KODAK Projection Print Scale -- The Print Scale is a piece of film divided like a pie, with a number in each of its
10 slices. To use it, you focus the negative, turn off the enlarger, and place a piece of enlarging paper onto the easel
with the print scale so that it reads correctly on top of it. Turn on the enlarger for exactly 1 minute with the lens set
at f/11. Then process the paper. Pick the section of the pie that looks best. The number in that section will be the
exposure time in seconds.
Safelight Fog -- The room must be lighttight. To check for stray light, stay in the darkroom for 5 minutes with all the
lights turned off. After 5 minutes, if you still can't see a sheet of white paper placed against a dark background, the
room passes inspection. If there are light leaks, you will be able to see them because your eyes will have become
adjusted to the dark. Eliminate small light leaks with black tape. For large ones, such as the crack around a door,
use dark heavy cloth or weather stripping.
For your health and comfort, you should introduce a plentiful supply of clean, fresh air into your darkroom --
especially during the chemical mixing and processing operations. Be sure to follow the safety recommendations
appearing on the product labels and provided in the instructions packaged with the processing chemicals. Check the
photo magazines in your local library for articles on building lighttight darkroom ventilators.

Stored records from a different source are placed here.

lemma three_valued_labeling:
  assumes P: "parity_pairing n B C0 pt" and E: "E \<subseteq> {..<n}" and f: "bij_betw f E {1..card E}"
    and parity: "\<And>c. 0 < c \<Longrightarrow> c < n \<Longrightarrow> cyc_vsum n E f c = (if even c then Ve else Vo)"
    and sep: "Ve \<noteq> Vo"
      "cyc_vsum n E f 0 + (\<Sum>c\<in>C0 - {0}. if even c then Ve else Vo) \<notin> {2 * Ve, 2 * Vo}"
  shows "local_antimagic n B E f \<and> card (vsum n B E f ` qmap n B ` {0..<n}) \<le> 3"
proof -
  define Z where "Z = cyc_vsum n E f 0 + (\<Sum>c\<in>C0 - {0}. if even c then Ve else Vo)"
  define S where "S i = vsum n B E f (qmap n B i)" for i
  have S_value: "S i = (if i \<in> C0 then Z else if even i then 2 * Ve else 2 * Vo)"
    if "i < n" for i
    unfolding S_def Z_def by (rule vsum_qmap_parity_pairing[OF P E that parity])
  have C0: "0 \<in> C0" "\<forall>c\<in>C0. cyc_pred n c \<notin> C0" using parity_pairingD(4,6)[OF P] by blast+
  have proper: "S j \<noteq> S (Suc j mod n)" if j: "j \<in> E" for j
  proof (cases "Suc j = n")
    case True
    then have "j \<notin> C0" using C0 by (auto simp: cyc_pred_def)
    then show ?thesis using S_value[of j] S_value[of 0] True C0(1) j E sep(2) by (auto simp: Z_def)
  next
    case False
    moreover have "j < n" using j E by auto
    ultimately have "Suc j < n" by simp
    moreover have "\<not> (j \<in> C0 \<and> Suc j \<in> C0)" using C0(2) by (auto simp: cyc_pred_def)
    ultimately show ?thesis using S_value[of j] S_value[of "Suc j"] sep by (auto simp: Z_def)
  qed
  have "vsum n B E f ` qmap n B ` {0..<n} \<subseteq> {Z, 2 * Ve, 2 * Vo}"
    using S_value by (auto simp: S_def)
  then have "card (vsum n B E f ` qmap n B ` {0..<n}) \<le> card {Z, 2 * Ve, 2 * Vo}"
    by (intro card_mono) auto
  also have "\<dots> \<le> 3" by (simp add: card_insert_if)
  finally have "card (vsum n B E f ` qmap n B ` {0..<n}) \<le> 3" .
  moreover have "local_antimagic n B E f"
    unfolding local_antimagic_def end1_def end2_def using f proper by (simp add: S_def)
  ultimately show ?thesis by blast
qed

section \<open>The C-labeling and its two variants\<close>

lemma cLabel_inj: "inj_on (cLabel n) {0..<n}"
proof (rule inj_onI)
  fix a b assume a: "a \<in> {0..<n}" and b: "b \<in> {0..<n}" and eq: "cLabel n a = cLabel n b"
  have mixed: False if h: "even x" "odd y" "x < n" "y < n" "cLabel n x = cLabel n y" for x y
  proof -
    obtain p q where "x = 2 * p" "y = 2 * q + 1" using h(1,2) by (auto elim!: evenE oddE)
    then show False using h by (simp add: cLabel_def)
  qed
  show "a = b"
    using mixed[of a b] mixed[of b a] eq a b
    by (cases "even a"; cases "even b") (auto simp: cLabel_def elim!: evenE oddE)
qed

Arrange your safelights so that they provide as much light as possible, but keep them at a safe distance -- at least 4
feet (1.2 m) -- from your working area. Use a safelight equipped with a 15-watt bulb and the filter recommended on
the paper (or film) instruction sheet. You can make a simple safelight test as follows:
- Set your enlarging easel to give 1/2-inch white borders for the paper size you'll use in the test.
- Place a normal-contrast negative typical of your work in the enlarger. Be sure the clear borders of the negatives
are completely masked.
- Size and focus the image on the easel.
- With all safelights on, make a good-quality print on grade 2 paper -- or the paper you normally use. Develop for the recommended time in one of the developers recommended for the paper. Mark this print No. 1.
- Turn the safelights off, and make print No. 2 in the same way as print No. 1.
- Turn the safelights off, and expose print No. 3 in the same way as print No. 2. Do not develop print No. 3.
- With the safelights still off, place a piece of cardboard over the developing tray and put print No. 3 on it,
emulsion side up. Safelight illumination is generally brightest in this location. Cover one-fourth of the print
with an opaque card and turn on all the safelights. In the same way that you would make an exposure test strip,
expose print No. 3 to the safelight for 1, 2, and 4 minutes, in steps. This gives four steps with safelight
exposures of 0, 1, 2, and 7 minutes superimposed on the image exposure. Develop this print for the same length
of time as prints No. 1 and 2, with safelights turned off.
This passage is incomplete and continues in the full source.